__What you need to do__:
Print nothing except the lines of the listing below from the line with "unfolding red_path_ends_def by auto" to the line with "using u(2,3) assms(2)", each exactly as written, both ends included.

☆ ☆ ☆

lemma ball_pi_base_of_countable_dense:
  fixes D :: "'a::metric_space set"
  assumes "countable D" "closure D = UNIV"
  obtains c :: "nat \<Rightarrow> 'a" and r :: "nat \<Rightarrow> real"
  where "\<And>m. 0 < r m" "\<And>U. open U \<Longrightarrow> U \<noteq> {} \<Longrightarrow> \<exists>m. ball (c m) (r m) \<subseteq> U"
proof
  have "D \<noteq> {}" using assms(2) by auto
  define c where "c m = from_nat_into D (fst (prod_decode m))" for m
  define r where "r m = inverse (real (Suc (snd (prod_decode m))))" for m
  show "0 < r m" for m unfolding r_def by simp
  show "\<exists>m. ball (c m) (r m) \<subseteq> U" if "open U" "U \<noteq> {}" for U
  proof -
    obtain x \<epsilon> where "0 < \<epsilon>" "ball x \<epsilon> \<subseteq> U"
      using \<open>open U\<close> \<open>U \<noteq> {}\<close> open_contains_ball by blast
    obtain d where "d \<in> D" "dist d x < \<epsilon> / 2"
      using assms(2) \<open>0 < \<epsilon>\<close> closure_approachable[of x D] by (metis UNIV_I half_gt_zero)
    obtain j where j: "from_nat_into D j = d"
      using from_nat_into_surj[OF assms(1) \<open>d \<in> D\<close>] by blast
    obtain k where k: "inverse (real (Suc k)) < \<epsilon> / 2"
      using reals_Archimedean[of "\<epsilon> / 2"] \<open>0 < \<epsilon>\<close> by auto
    have "ball (c (prod_encode (j, k))) (r (prod_encode (j, k))) \<subseteq> ball x \<epsilon>"
    proof
      fix z assume "z \<in> ball (c (prod_encode (j, k))) (r (prod_encode (j, k)))"
      then have "dist d z < \<epsilon> / 2"
        using k j unfolding c_def r_def by simp
      with \<open>dist d x < \<epsilon> / 2\<close> show "z \<in> ball x \<epsilon>"
        using dist_triangle[of x z d] by (simp add: dist_commute)
    qed
    with \<open>ball x \<epsilon> \<subseteq> U\<close> show ?thesis by blast
  qed
qed
text \<open>Dominated convergence for the difference quotients along \<open>axis i 1\<close>, whose integrals
  vanish by translation invariance of Lebesgue measure.\<close>
lemma integral_pd_vanishing_outside:
  fixes F :: "real^'n::finite \<Rightarrow> real"
  assumes K: "compact K" and F0: "\<And>x. x \<notin> K \<Longrightarrow> F x = 0"
    and dF: "\<And>x. F differentiable (at x)" and cF: "continuous_on UNIV (pd i F)"
  shows "integrable lborel (pd i F)" "integral\<^sup>L lborel (pd i F) = 0"
proof -
  define h :: "nat \<Rightarrow> real" where "h n = 1 / Suc n" for n
  define D where "D n x = (F (x + h n *\<^sub>R axis i 1) - F x) / h n" for n x
  have h: "h n > 0" "h n \<le> 1" for n by (auto simp: h_def field_simps)
  have "h \<longlonglongrightarrow> 0"
    unfolding h_def using LIMSEQ_Suc[OF lim_const_over_n[of 1]] by simp
  then have h_at_0: "filterlim h (at 0) sequentially"
    using h(1) by (auto simp: filterlim_at less_imp_neq[symmetric])
  have F: "continuous_on UNIV F"
    using dF by (simp add: continuous_at_imp_continuous_on differentiable_imp_continuous_within)
  have "(\<lambda>x. indicator K x *\<^sub>R F x) = F"
    using F0 by (force simp: indicator_def)
  then have F_int: "integrable lborel F"
    using borel_integrable_compact[OF K continuous_on_subset[OF F]] by simp
  have mD: "D n \<in> borel_measurable lborel" for n
  proof -
    have "continuous_on UNIV (D n)" unfolding D_def
      by (intro continuous_intros continuous_on_compose2[OF F]) (use h(1)[of n] in auto)
    then show ?thesis by (simp add: borel_measurable_continuous_onI)
  qed
  have "pd i F x = 0" if "x \<notin> K" for x
    using pd_vanishing_outside[of K F x] compact_imp_closed[OF K] F0 that by blast
  then obtain M where M: "\<And>x. \<bar>pd i F x\<bar> \<le> M"
    using bounded_vanishing_outside[OF cF K] by blast
  obtain R where R: "K \<subseteq> ball 0 R"
    using bounded_subset_ballD[OF compact_imp_bounded[OF K]] by blast
  define w where "w x = M * indicator (cball 0 (R + 1)) x" for x :: "real^'n"
  have w_int: "integrable lborel w"
    unfolding w_def using emeasure_compact_finite[OF compact_cball, of 0 "R + 1"]
    by (intro integrable_mult_right integrable_real_indicator) (auto simp: less_top)
  have bound: "AE x in lborel. norm (D n x) \<le> w x" for n
    unfolding D_def w_def using abs_difference_quotient_le_indicator[OF dF M R F0 h] by simp
  have lim: "AE x in lborel. (\<lambda>n. D n x) \<longlonglongrightarrow> pd i F x"
    unfolding D_def using tendsto_difference_quotient_pd[OF dF h_at_0] by simp
  have mF: "pd i F \<in> borel_measurable lborel"
    using cF by (simp add: borel_measurable_continuous_onI)
  show "integrable lborel (pd i F)"
    by (rule integrable_dominated_convergence[OF mF mD w_int lim bound])
  have "integral\<^sup>L lborel (D n) = 0" for n
    using integral_translate_lborel[OF F_int, of "h n *\<^sub>R axis i 1"] F_int
    by (simp add: D_def[abs_def] integral_divide_zero)
  moreover have "(\<lambda>n. integral\<^sup>L lborel (D n)) \<longlonglongrightarrow> integral\<^sup>L lborel (pd i F)"
    by (rule integral_dominated_convergence[OF mF mD w_int lim bound])
  ultimately have "(\<lambda>n. 0) \<longlonglongrightarrow> integral\<^sup>L lborel (pd i F)" by simp
  then show "integral\<^sup>L lborel (pd i F) = 0" by (simp add: LIMSEQ_const_iff)
qed

section \<open>The weighted energy estimate\<close>

lemma mc_flux_vec: "(\<chi> i. mc_flux u i x) = grad u x /\<^sub>R sqrt (1 + (norm (grad u x))\<^sup>2)"
  by (simp add: vec_eq_iff grad_def mc_flux_def divide_inverse_commute)

lemma norm_mc_flux_vec_le: "norm (\<chi> i. mc_flux u i x) \<le> 1"
proof -
  have "norm (grad u x) \<le> sqrt (1 + (norm (grad u x))\<^sup>2)" by (rule real_le_rsqrt) simp
  moreover have "sqrt (1 + (norm (grad u x))\<^sup>2) > 0" by (simp add: add_pos_nonneg)
  ultimately show ?thesis unfolding mc_flux_vec by (simp add: field_simps)
qed

lemma sum_pd_mult_mc_flux: "(\<Sum>i\<in>UNIV. pd i u x * mc_flux u i x)
    = (norm (grad u x))\<^sup>2 / sqrt (1 + (norm (grad u x))\<^sup>2)"
  unfolding mc_flux_def norm_grad_power2 by (simp add: sum_divide_distrib power2_eq_square)

lemma sum_pd_mult_mc_flux_ge:
  assumes "norm (grad \<phi> x) \<le> \<Lambda>"
  shows "(\<Sum>i\<in>UNIV. pd i \<phi> x * mc_flux u i x) \<ge> - \<Lambda>"
proof -
  have "(\<Sum>i\<in>UNIV. pd i \<phi> x * mc_flux u i x) = grad \<phi> x \<bullet> (\<chi> i. mc_flux u i x)"
    by (simp add: inner_vec_def grad_def)
  moreover have "\<bar>grad \<phi> x \<bullet> (\<chi> i. mc_flux u i x)\<bar> \<le> \<Lambda>"
    using Cauchy_Schwarz_ineq2[of "grad \<phi> x" "\<chi> i. mc_flux u i x"] norm_mc_flux_vec_le[of u x] assms
    by (smt (verit) mult_left_le norm_ge_zero)
  ultimately show ?thesis by linarith
qed

text \<open>Extended by zero outside \<open>U\<close>, where \<open>u\<close> need not be differentiable.\<close>
definition weighted_mc_flux ::
    "(real^'n::finite) set \<Rightarrow> (real^'n \<Rightarrow> real) \<Rightarrow> (real^'n \<Rightarrow> real) \<Rightarrow> 'n \<Rightarrow> real^'n \<Rightarrow> real" where
  "weighted_mc_flux U \<phi> u i x = (if x \<in> U then \<phi> x * exp (u x) * mc_flux u i x else 0)"
lemma sum_diff_le_sum_diff_plus:
  fixes d \<delta> m :: nat
  assumes "\<delta> \<le> d"
  shows "(\<Sum>i = 2..min d (m + 1). real d - real i)
         \<le> real (\<Sum>i = 2..min \<delta> (m + 1). \<delta> - i) + real m * (real d - real \<delta>)"
proof (induction m)
  case 0
  then show ?case by (cases d; cases \<delta>) auto
next
  case (Suc m)
  have "(if m + 2 \<le> d then real d - real (m + 2) else 0)
        \<le> real (if m + 2 \<le> \<delta> then \<delta> - (m + 2) else 0) + (real d - real \<delta>)"
    using assms by auto
  then show ?case
    using Suc.IH sum_atLeastAtMost_min_Suc[of "\<lambda>i. real d - real i" d m]
      sum_atLeastAtMost_min_Suc[of "\<lambda>i. \<delta> - i" \<delta> m]
    by (simp add: algebra_simps)
qed
(* Let $N$ and $n$ be positive integers. Let $G$ be the complete graph on a vertex set $A$ and let $(A_i)_{i=1}^{n}$ be a partition of $A$ into pairwise disjoint sets with $|A_i|\ge N$ for every $i\in[n]$. Then for any $2$-colouring (red/blue) of the edges of $G$, either there is a red path $u_1u_2\cdots u_n$ with $u_i\in A_i$ for each $i\in[n]$, or for some $i\in[n-1]$ there exist $B_i\subseteq A_i$ and $B_{i+1}\subseteq A_{i+1}$ with $\min\{|B_i|,|B_{i+1}|\}\ge N/2$ such that all edges between $B_i$ and $B_{i+1}$ are blue. *)

theory Defs
  imports Complex_Main
begin
end

theory Submission
  imports Defs
begin

text \<open>Let \<open>E\<^sub>i\<close> be the set of vertices of \<open>A\<^sub>i\<close> in which some red path \<open>u\<^sub>1 \<dots> u\<^sub>i\<close> through
  \<open>A\<^sub>1, \<dots>, A\<^sub>i\<close> ends. No red edge joins \<open>E\<^sub>i\<close> to \<open>A\<^sub>i\<^sub>+\<^sub>1 - E\<^sub>i\<^sub>+\<^sub>1\<close>, and one of \<open>E\<^sub>i\<^sub>+\<^sub>1\<close>,
  \<open>A\<^sub>i\<^sub>+\<^sub>1 - E\<^sub>i\<^sub>+\<^sub>1\<close> has at least \<open>N/2\<close> elements. So, starting from \<open>E\<^sub>1 = A\<^sub>1\<close>, either every
  \<open>E\<^sub>i\<close> has at least \<open>N/2 > 0\<close> elements, and \<open>E\<^sub>n\<close> yields a red path, or at the first \<open>i\<close> with
  \<open>|E\<^sub>i\<^sub>+\<^sub>1| < N/2\<close> the pair \<open>E\<^sub>i\<close>, \<open>A\<^sub>i\<^sub>+\<^sub>1 - E\<^sub>i\<^sub>+\<^sub>1\<close> is entirely blue.\<close>

definition red_path_ends :: "(nat \<Rightarrow> 'a set) \<Rightarrow> ('a \<Rightarrow> 'a \<Rightarrow> bool) \<Rightarrow> nat \<Rightarrow> 'a set" where
  "red_path_ends A red i =
     {v. \<exists>u. (\<forall>k\<in>{1..i}. u k \<in> A k) \<and> (\<forall>k\<in>{1..<i}. red (u k) (u (Suc k))) \<and> u i = v}"

lemma red_path_ends_subset: "1 \<le> i \<Longrightarrow> red_path_ends A red i \<subseteq> A i"
  unfolding red_path_ends_def by auto

lemma red_path_ends_one: "red_path_ends A red 1 = A 1"
  unfolding red_path_ends_def by (auto intro!: exI[of _ "\<lambda>_. _"])

lemma red_path_ends_Suc:
  assumes "v \<in> red_path_ends A red i" and "red v w" and "w \<in> A (Suc i)"
  shows "w \<in> red_path_ends A red (Suc i)"
proof -
  from assms(1) obtain u where u: "\<forall>k\<in>{1..i}. u k \<in> A k"
      "\<forall>k\<in>{1..<i}. red (u k) (u (Suc k))" "u i = v"
    unfolding red_path_ends_def by blast
  let ?u = "u(Suc i := w)"
  have "\<forall>k\<in>{1..Suc i}. ?u k \<in> A k"
    using u(1) assms(3) by (auto simp: le_Suc_eq)
  moreover have "\<forall>k\<in>{1..<Suc i}. red (?u k) (?u (Suc k))"
    using u(2,3) assms(2) by (auto simp: less_Suc_eq)
  ultimately show ?thesis
    unfolding red_path_ends_def by (intro CollectI exI[of _ ?u]) simp
qed

lemma no_red_edge_to_non_ends:
  assumes "x \<in> red_path_ends A red i" and "y \<in> A (Suc i) - red_path_ends A red (Suc i)"
  shows "\<not> red x y"
proof
  assume "red x y"
  with assms show False
    using red_path_ends_Suc[OF assms(1)] by blast
qed

lemma half_card_subset_or_complement:
  assumes "finite X" and "S \<subseteq> X" and "N \<le> card X"
  shows "real N / 2 \<le> real (card S) \<or> real N / 2 \<le> real (card (X - S))"
proof -
  have "finite S"
    using assms(1,2) by (rule finite_subset[rotated])
  then have "card (X - S) + card S = card X"
    using card_Diff_subset[OF _ assms(2)] card_mono[OF assms(1,2)] by simp
  then show ?thesis
    using assms(3) by linarith
qed

definition large_blue_pair :: "(nat \<Rightarrow> 'a set) \<Rightarrow> ('a \<Rightarrow> 'a \<Rightarrow> bool) \<Rightarrow> nat \<Rightarrow> nat \<Rightarrow> bool" where
  "large_blue_pair A red N j \<longleftrightarrow>
     (\<exists>B C. B \<subseteq> A j \<and> C \<subseteq> A (Suc j) \<and> real (min (card B) (card C)) \<ge> real N / 2
        \<and> (\<forall>x\<in>B. \<forall>y\<in>C. \<not> red x y))"

lemma large_blue_pair_ends_non_ends:
  assumes "1 \<le> i"
    and "real N / 2 \<le> real (card (red_path_ends A red i))"
    and "real N / 2 \<le> real (card (A (Suc i) - red_path_ends A red (Suc i)))"
  shows "large_blue_pair A red N i"
  unfolding large_blue_pair_def
proof (intro exI conjI)
  show "red_path_ends A red i \<subseteq> A i"
    using assms(1) by (rule red_path_ends_subset)
  show "A (Suc i) - red_path_ends A red (Suc i) \<subseteq> A (Suc i)"
    by blast
  show "real N / 2 \<le> real (min (card (red_path_ends A red i))
      (card (A (Suc i) - red_path_ends A red (Suc i))))"
    using assms(2,3) by (simp only: of_nat_min min.bounded_iff)
  show "\<forall>x\<in>red_path_ends A red i. \<forall>y\<in>A (Suc i) - red_path_ends A red (Suc i). \<not> red x y"
    by (intro ballI no_red_edge_to_non_ends)
qed

lemma red_path_ends_large_or_large_blue_pair:
  assumes "1 \<le> i"
    and "\<And>k. k \<in> {1..i} \<Longrightarrow> finite (A k)"
    and "\<And>k. k \<in> {1..i} \<Longrightarrow> N \<le> card (A k)"
  shows "real N / 2 \<le> real (card (red_path_ends A red i))
       \<or> (\<exists>j\<in>{1..<i}. large_blue_pair A red N j)"
  using assms
proof (induction i rule: nat_induct_at_least)
  case base
  then show ?case
    using red_path_ends_one[of A red] by (simp del: One_nat_def)
next
  case (Suc i)
  let ?E = "red_path_ends A red"
  have IH: "real N / 2 \<le> real (card (?E i)) \<or> (\<exists>j\<in>{1..<i}. large_blue_pair A red N j)"
    using Suc by simp
  have split: "real N / 2 \<le> real (card (?E (Suc i)))
      \<or> real N / 2 \<le> real (card (A (Suc i) - ?E (Suc i)))"
    by (rule half_card_subset_or_complement)
      (use Suc.prems red_path_ends_subset[of "Suc i" A red] in auto)
  show ?case
    using IH split large_blue_pair_ends_non_ends[OF Suc.hyps, of N A red] Suc.hyps
    by (auto simp: less_Suc_eq)
qed

theorem lemmal:
  fixes N n :: nat
    and A :: "nat \<Rightarrow> 'a set"
    and red :: "'a \<Rightarrow> 'a \<Rightarrow> bool"
  assumes "N \<ge> 1" and "n \<ge> 1"
    and "\<And>i. i \<in> {1..n} \<Longrightarrow> finite (A i)"
    and "\<And>i. i \<in> {1..n} \<Longrightarrow> card (A i) \<ge> N"
    and "\<And>i j. i \<in> {1..n} \<Longrightarrow> j \<in> {1..n} \<Longrightarrow> i \<noteq> j \<Longrightarrow> A i \<inter> A j = {}"
    and red_sym: "\<And>x y. red x y = red y x"
  shows "(\<exists>u :: nat \<Rightarrow> 'a. (\<forall>i\<in>{1..n}. u i \<in> A i) \<and> (\<forall>i\<in>{1..<n}. red (u i) (u (Suc i))))
       \<or> (\<exists>i\<in>{1..<n}. \<exists>B C. B \<subseteq> A i \<and> C \<subseteq> A (Suc i)
            \<and> real (min (card B) (card C)) \<ge> real N / 2
            \<and> (\<forall>x\<in>B. \<forall>y\<in>C. \<not> red x y))"
proof -
  have "real N / 2 \<le> real (card (red_path_ends A red n))
      \<or> (\<exists>j\<in>{1..<n}. large_blue_pair A red N j)"
    using assms(2-4) by (rule red_path_ends_large_or_large_blue_pair)
  then show ?thesis
  proof
    assume "real N / 2 \<le> real (card (red_path_ends A red n))"
    then have "red_path_ends A red n \<noteq> {}"
      using assms(1) by auto
    then show ?thesis
      unfolding red_path_ends_def by blast
  next
    assume "\<exists>j\<in>{1..<n}. large_blue_pair A red N j"
    then show ?thesis
      unfolding large_blue_pair_def by blast
  qed
qed

end
(* Let $\lambda_i$ be a minuscule fundamental weight of a complex simple Lie algebra, let $u\in W^{P_i}$, and let $\alpha$ be a positive root. (I) If $\ell(s_\alpha u)=\ell(u)+1$, then $\alpha$ is a simple root and $(u(\lambda_i),\alpha^\vee)=1$. (II) If $\ell(s_\alpha u)=\ell(u)-(s-1)$, then $\alpha=\psi$ and $(u(\lambda_i),\psi^\vee)=-1$. Here the length $\ell$ is taken in $W^{P_i}$.
   Context: Simple roots $\alpha_1,\dots,\alpha_l$, Weyl group $W$ with Coxeter length $\ell$, $\alpha^\vee=2\alpha/(\alpha,\alpha)$. $\lambda_i$ minuscule: $(\lambda_i,\alpha_j^\vee)=\delta_{ij}$ and $(\lambda_i,\beta^\vee)\le1$ for all positive roots $\beta$. $W_{P_i}$ is the subgroup generated by $s_{\alpha_j}$, $j\ne i$; $W^{P_i}$ is the set of minimal length coset representatives of $W/W_{P_i}$; the length in $W^{P_i}$ of $x\in W$ is the length of the unique $u'\in W^{P_i}$ with $x\in u'W_{P_i}$. $\psi=\sum_j q_j\alpha_j$ is the highest root and $s=1+\sum_j q_j$ is the Coxeter number. *)

theory Defs
  imports "HOL-Analysis.Analysis"
begin

definition reflection :: "'a::euclidean_space \<Rightarrow> 'a \<Rightarrow> 'a" where
  "reflection a x = x - (2 * (x \<bullet> a) / (a \<bullet> a)) *\<^sub>R a"

definition coroot :: "'a::euclidean_space \<Rightarrow> 'a" where
  "coroot a = (2 / (a \<bullet> a)) *\<^sub>R a"

definition root_system :: "'a::euclidean_space set \<Rightarrow> bool" where
  "root_system R \<longleftrightarrow> finite R \<and> 0 \<notin> R \<and> span R = UNIV
     \<and> (\<forall>a\<in>R. \<forall>b\<in>R. reflection a b \<in> R)
     \<and> (\<forall>a\<in>R. \<forall>b\<in>R. b \<bullet> coroot a \<in> \<int>)
     \<and> (\<forall>a\<in>R. \<forall>c::real. c *\<^sub>R a \<in> R \<longrightarrow> c = 1 \<or> c = -1)"

definition irreducible_rs :: "'a::euclidean_space set \<Rightarrow> bool" where
  "irreducible_rs R \<longleftrightarrow> \<not> (\<exists>A B. A \<noteq> {} \<and> B \<noteq> {} \<and> A \<union> B = R \<and> A \<inter> B = {}
                            \<and> (\<forall>a\<in>A. \<forall>b\<in>B. a \<bullet> b = 0))"

definition nonneg_comb :: "'a::euclidean_space set \<Rightarrow> 'a \<Rightarrow> bool" where
  "nonneg_comb D x \<longleftrightarrow> (\<exists>c::'a \<Rightarrow> nat. x = (\<Sum>a\<in>D. real (c a) *\<^sub>R a))"

definition simple_system :: "'a::euclidean_space set \<Rightarrow> 'a set \<Rightarrow> bool" where
  "simple_system R D \<longleftrightarrow> D \<subseteq> R \<and> independent D
     \<and> (\<forall>b\<in>R. nonneg_comb D b \<or> nonneg_comb D (- b))"

definition pos_roots :: "'a::euclidean_space set \<Rightarrow> 'a set \<Rightarrow> 'a set" where
  "pos_roots R D = {b \<in> R. nonneg_comb D b}"

definition simple_word :: "'a::euclidean_space list \<Rightarrow> 'a \<Rightarrow> 'a" where
  "simple_word xs = foldr (\<lambda>a f. reflection a \<circ> f) xs id"

definition weyl :: "'a::euclidean_space set \<Rightarrow> ('a \<Rightarrow> 'a) set" where
  "weyl D = {simple_word xs | xs. set xs \<subseteq> D}"

definition wlen :: "'a::euclidean_space set \<Rightarrow> ('a \<Rightarrow> 'a) \<Rightarrow> nat" where
  "wlen D w = (LEAST n. \<exists>xs. set xs \<subseteq> D \<and> length xs = n \<and> simple_word xs = w)"

definition WP :: "'a::euclidean_space set \<Rightarrow> 'a \<Rightarrow> ('a \<Rightarrow> 'a) set" where
  "WP D ai = {simple_word xs | xs. set xs \<subseteq> D - {ai}}"

definition WupP :: "'a::euclidean_space set \<Rightarrow> 'a \<Rightarrow> ('a \<Rightarrow> 'a) set" where
  "WupP D ai = {u \<in> weyl D. \<forall>v\<in>WP D ai. wlen D u \<le> wlen D (u \<circ> v)}"
text \<open>The derivative in \<open>t\<close> is \<open>L\<^bsup>f-t\<^esup>\<close>, and on its zero set the binomial \<open>L\<^sup>f + L\<^sup>g\<close> reduces
  to \<open>L\<^sup>g\<close>.\<close>

lemma binom_fun_eq_top_in_first:
  assumes "finite f" "finite g" "finite f'" "finite g'"
    and "card (f - g) = 2" "card (f' - g') = 2" "t \<in> f - g" "t \<in> f' - g'"
    and "\<forall>i\<in>f \<union> g. triangular i (L i) \<and> i \<le> t" "\<forall>i\<in>f' \<union> g'. triangular i (L' i) \<and> i \<le> t"
    and "binom_fun L f g = binom_fun L' f' g'"
  shows "f = f' \<and> g = g'"
proof -
  define U where "U = f - {t}"
  have "mono_fun L U = mono_fun L' (f' - {t})"
    using bool_deriv_binom_fun_first[OF assms(9,7)] bool_deriv_binom_fun_first[OF assms(10,8)]
      assms(11) unfolding U_def by simp
  moreover from this have U': "f' - {t} = U"
    using mono_fun_inj[of U "f' - {t}" L L'] assms(1,3,9,10) unfolding U_def by auto
  ultimately have eqU: "mono_fun L U = mono_fun L' U" by simp
  obtain a where a: "f - g = {a, t}" "a \<noteq> t" using card_2_memE[OF assms(5,7)] .
  obtain a' where a': "f' - g' = {a', t}" "a' \<noteq> t" using card_2_memE[OF assms(6,8)] .
  have "finite U" using assms(1) unfolding U_def by simp
  moreover have "a \<in> U" "a \<notin> g" "U - {a} \<subseteq> g" using a unfolding U_def by auto
  moreover have "a' \<in> U" "a' \<notin> g'" "U - {a'} \<subseteq> g'" using a' U' by auto
  moreover have "\<forall>x. \<not> mono_fun L U x \<longrightarrow> mono_fun L g x = mono_fun L' g' x"
  proof (intro allI impI)
    fix x assume "\<not> mono_fun L U x"
    moreover from this have "\<not> mono_fun L' U x" using eqU by simp
    moreover have "U \<subseteq> f" "U \<subseteq> f'" using U' unfolding U_def by auto
    ultimately have "\<not> mono_fun L f x" "\<not> mono_fun L' f' x" using mono_fun_subset by blast+
    then show "mono_fun L g x = mono_fun L' g' x"
      using assms(11) unfolding binom_fun_def by metis
  qed
  moreover have "\<forall>i\<in>U \<union> g. triangular i (L i)" "\<forall>i\<in>U \<union> g'. triangular i (L' i)"
    using assms(9,10) U' unfolding U_def by auto
  ultimately have "g = g'"
    using eq_of_mono_fun_agree_on_zeros[OF _ assms(2,4)] eqU by blast
  moreover have "f = f'" using U' assms(7,8) unfolding U_def by blast
  ultimately show ?thesis by blast
qed
(* Let $r\ge2$ and let $(H_n)$ be a sequence of ordered $r$-matchings with $|H_n|\le \frac{1}{2r}\left(\frac{n}{\log n}\right)^{1/r}$. Then a.a.s. $\mathbb{RM}^{(r)}_{n}$ contains a sub-matching order-isomorphic to $H_n$.
   Context: An ordered $r$-matching of size $n$ is a set of $n$ pairwise disjoint $r$-element subsets (edges) of a linearly ordered vertex set of size $rn$; $|H|$ denotes the number of edges of $H$; $\mathbb{RM}^{(r)}_n$ is an ordered $r$-matching on $[rn]$ chosen uniformly at random. A copy of $H$ in $M$ is a set of edges of $M$ which, with the order induced on their union, is order-isomorphic to $H$. "A.a.s." means with probability tending to 1 as $n\to\infty$. *)

theory Defs
  imports Complex_Main
begin

definition perfect_r_matching :: "nat \<Rightarrow> nat set \<Rightarrow> nat set set \<Rightarrow> bool" where
  "perfect_r_matching r V M \<longleftrightarrow>
     (\<forall>e\<in>M. e \<subseteq> V \<and> card e = r) \<and>
     (\<forall>e\<in>M. \<forall>e'\<in>M. e \<noteq> e' \<longrightarrow> e \<inter> e' = {}) \<and>
     \<Union>M = V"

definition ordered_matching :: "nat \<Rightarrow> nat \<Rightarrow> nat set set \<Rightarrow> bool" where
  "ordered_matching r n M \<longleftrightarrow> perfect_r_matching r {0..<r*n} M"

☆ ☆ ☆

__Exercise result__:
  unfolding red_path_ends_def by auto

lemma red_path_ends_one: "red_path_ends A red 1 = A 1"
  unfolding red_path_ends_def by (auto intro!: exI[of _ "\<lambda>_. _"])

lemma red_path_ends_Suc:
  assumes "v \<in> red_path_ends A red i" and "red v w" and "w \<in> A (Suc i)"
  shows "w \<in> red_path_ends A red (Suc i)"
proof -
  from assms(1) obtain u where u: "\<forall>k\<in>{1..i}. u k \<in> A k"
      "\<forall>k\<in>{1..<i}. red (u k) (u (Suc k))" "u i = v"
    unfolding red_path_ends_def by blast
  let ?u = "u(Suc i := w)"
  have "\<forall>k\<in>{1..Suc i}. ?u k \<in> A k"
    using u(1) assms(3) by (auto simp: le_Suc_eq)
  moreover have "\<forall>k\<in>{1..<Suc i}. red (?u k) (?u (Suc k))"
    using u(2,3) assms(2) by (auto simp: less_Suc_eq)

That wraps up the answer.